§ INFORMATION
------------------------------------------------------------------------
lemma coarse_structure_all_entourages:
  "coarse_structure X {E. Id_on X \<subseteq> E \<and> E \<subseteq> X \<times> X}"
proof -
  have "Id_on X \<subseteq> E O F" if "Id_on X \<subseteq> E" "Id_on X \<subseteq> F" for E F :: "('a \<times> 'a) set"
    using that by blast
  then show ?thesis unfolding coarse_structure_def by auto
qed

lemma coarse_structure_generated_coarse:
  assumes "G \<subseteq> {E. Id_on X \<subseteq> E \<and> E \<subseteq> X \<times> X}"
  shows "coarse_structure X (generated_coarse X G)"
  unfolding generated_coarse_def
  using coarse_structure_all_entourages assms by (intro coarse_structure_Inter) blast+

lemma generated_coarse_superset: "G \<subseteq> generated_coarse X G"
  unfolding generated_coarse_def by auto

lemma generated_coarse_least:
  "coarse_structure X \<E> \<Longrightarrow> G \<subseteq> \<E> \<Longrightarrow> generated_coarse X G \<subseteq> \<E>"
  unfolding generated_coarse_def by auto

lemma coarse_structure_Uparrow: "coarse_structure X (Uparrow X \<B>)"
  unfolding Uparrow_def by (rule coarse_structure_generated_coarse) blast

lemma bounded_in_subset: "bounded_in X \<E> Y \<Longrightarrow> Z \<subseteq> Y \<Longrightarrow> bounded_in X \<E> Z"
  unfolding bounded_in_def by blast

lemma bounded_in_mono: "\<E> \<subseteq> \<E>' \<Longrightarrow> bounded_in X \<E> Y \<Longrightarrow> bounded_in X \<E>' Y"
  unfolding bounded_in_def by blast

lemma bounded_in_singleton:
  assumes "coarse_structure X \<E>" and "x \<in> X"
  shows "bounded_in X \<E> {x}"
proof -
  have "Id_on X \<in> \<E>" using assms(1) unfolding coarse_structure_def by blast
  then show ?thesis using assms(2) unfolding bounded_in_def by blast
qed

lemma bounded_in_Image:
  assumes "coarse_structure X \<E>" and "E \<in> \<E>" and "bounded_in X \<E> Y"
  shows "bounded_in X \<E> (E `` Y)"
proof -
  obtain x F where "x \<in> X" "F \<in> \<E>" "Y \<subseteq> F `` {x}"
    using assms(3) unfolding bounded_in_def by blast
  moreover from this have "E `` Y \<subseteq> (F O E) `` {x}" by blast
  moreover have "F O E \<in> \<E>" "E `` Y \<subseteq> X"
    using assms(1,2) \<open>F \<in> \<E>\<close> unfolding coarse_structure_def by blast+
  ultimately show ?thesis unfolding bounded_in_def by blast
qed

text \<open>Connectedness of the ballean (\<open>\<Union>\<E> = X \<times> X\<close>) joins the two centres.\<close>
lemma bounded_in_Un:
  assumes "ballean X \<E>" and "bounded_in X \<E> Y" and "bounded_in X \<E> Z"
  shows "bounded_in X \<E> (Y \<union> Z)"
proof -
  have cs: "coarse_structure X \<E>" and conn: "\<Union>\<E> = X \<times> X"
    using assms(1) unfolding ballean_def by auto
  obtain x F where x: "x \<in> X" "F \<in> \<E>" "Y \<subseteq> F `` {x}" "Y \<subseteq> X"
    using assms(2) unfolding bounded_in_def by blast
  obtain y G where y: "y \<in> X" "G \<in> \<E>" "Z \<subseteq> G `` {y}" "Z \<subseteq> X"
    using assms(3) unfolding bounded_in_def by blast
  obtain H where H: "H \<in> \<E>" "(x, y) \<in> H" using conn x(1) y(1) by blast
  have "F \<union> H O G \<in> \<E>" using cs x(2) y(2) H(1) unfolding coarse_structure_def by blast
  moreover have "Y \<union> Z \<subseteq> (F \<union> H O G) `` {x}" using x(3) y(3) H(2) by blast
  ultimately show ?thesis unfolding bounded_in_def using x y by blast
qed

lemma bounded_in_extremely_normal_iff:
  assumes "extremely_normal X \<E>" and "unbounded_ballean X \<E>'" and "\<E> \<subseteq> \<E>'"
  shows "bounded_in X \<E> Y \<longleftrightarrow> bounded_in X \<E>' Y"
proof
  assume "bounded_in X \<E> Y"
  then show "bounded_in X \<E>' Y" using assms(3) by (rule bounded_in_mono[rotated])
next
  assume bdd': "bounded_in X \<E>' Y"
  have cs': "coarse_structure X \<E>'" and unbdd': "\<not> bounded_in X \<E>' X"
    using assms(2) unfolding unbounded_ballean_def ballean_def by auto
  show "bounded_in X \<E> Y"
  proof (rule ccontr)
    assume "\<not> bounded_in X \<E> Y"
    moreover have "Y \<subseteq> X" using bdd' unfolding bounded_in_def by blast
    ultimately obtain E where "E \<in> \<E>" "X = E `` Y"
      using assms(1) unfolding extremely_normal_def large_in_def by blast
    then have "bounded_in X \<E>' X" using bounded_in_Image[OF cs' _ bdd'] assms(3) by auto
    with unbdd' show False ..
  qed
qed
------------------------------------------------------------------------
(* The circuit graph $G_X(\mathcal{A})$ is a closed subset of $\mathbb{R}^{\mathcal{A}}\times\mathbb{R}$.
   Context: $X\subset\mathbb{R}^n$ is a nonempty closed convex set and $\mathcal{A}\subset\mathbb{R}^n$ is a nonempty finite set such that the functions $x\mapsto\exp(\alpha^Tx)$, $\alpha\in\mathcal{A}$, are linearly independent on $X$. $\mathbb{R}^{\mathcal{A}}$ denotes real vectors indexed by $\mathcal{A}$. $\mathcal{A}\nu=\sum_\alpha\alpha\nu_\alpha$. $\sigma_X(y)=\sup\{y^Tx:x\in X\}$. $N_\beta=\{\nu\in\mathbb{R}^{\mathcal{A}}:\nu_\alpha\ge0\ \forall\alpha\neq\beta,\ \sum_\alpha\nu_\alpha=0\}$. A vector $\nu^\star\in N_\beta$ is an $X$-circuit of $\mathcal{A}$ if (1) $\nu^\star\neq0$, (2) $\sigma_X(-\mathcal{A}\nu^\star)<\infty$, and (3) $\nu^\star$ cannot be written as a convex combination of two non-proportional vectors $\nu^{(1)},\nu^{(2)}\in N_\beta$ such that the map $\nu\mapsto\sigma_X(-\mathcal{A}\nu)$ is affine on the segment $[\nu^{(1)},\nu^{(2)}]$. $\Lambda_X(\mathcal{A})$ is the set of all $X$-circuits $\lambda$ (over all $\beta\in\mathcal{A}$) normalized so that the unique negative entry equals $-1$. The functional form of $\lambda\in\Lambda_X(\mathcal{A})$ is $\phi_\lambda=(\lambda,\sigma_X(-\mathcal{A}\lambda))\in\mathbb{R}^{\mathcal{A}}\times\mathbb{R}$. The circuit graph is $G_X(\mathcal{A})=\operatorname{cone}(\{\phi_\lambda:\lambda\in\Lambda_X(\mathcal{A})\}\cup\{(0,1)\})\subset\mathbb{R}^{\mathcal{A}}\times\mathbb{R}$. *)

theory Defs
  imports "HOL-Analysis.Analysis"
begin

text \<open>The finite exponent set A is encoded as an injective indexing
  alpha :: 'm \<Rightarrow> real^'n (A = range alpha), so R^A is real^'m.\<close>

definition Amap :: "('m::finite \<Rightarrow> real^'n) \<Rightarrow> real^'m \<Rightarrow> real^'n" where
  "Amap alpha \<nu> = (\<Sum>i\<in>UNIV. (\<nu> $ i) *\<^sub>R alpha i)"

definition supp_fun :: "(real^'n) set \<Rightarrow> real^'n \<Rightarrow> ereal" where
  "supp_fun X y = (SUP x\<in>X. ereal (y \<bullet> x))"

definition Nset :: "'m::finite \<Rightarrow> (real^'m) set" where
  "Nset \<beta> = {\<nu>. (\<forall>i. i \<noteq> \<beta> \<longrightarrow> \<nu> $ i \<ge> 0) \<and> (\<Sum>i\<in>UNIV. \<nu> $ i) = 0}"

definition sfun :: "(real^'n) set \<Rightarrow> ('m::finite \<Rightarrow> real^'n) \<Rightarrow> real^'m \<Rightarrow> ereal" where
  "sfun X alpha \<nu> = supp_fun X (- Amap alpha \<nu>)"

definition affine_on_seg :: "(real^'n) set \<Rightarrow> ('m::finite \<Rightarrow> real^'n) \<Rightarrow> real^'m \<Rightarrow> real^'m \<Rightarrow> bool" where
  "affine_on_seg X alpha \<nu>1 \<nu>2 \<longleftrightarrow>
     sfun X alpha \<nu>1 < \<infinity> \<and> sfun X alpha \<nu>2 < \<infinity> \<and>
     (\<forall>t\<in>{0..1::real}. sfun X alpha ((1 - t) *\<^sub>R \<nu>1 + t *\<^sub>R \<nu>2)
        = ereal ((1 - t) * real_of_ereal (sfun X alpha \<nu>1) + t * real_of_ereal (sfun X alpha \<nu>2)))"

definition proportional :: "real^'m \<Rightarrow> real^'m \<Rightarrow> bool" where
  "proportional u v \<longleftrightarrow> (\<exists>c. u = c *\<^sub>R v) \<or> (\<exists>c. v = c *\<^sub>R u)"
------------------------------------------------------------------------
§ EXERCISE
Search the data above for the string "shows" and return every line that has it.

§ SOLUTION TO THIS PROBLEM
  shows "coarse_structure X (generated_coarse X G)"
  shows "bounded_in X \<E> {x}"
  shows "bounded_in X \<E> (E `` Y)"
  shows "bounded_in X \<E> (Y \<union> Z)"
  shows "bounded_in X \<E> Y \<longleftrightarrow> bounded_in X \<E>' Y"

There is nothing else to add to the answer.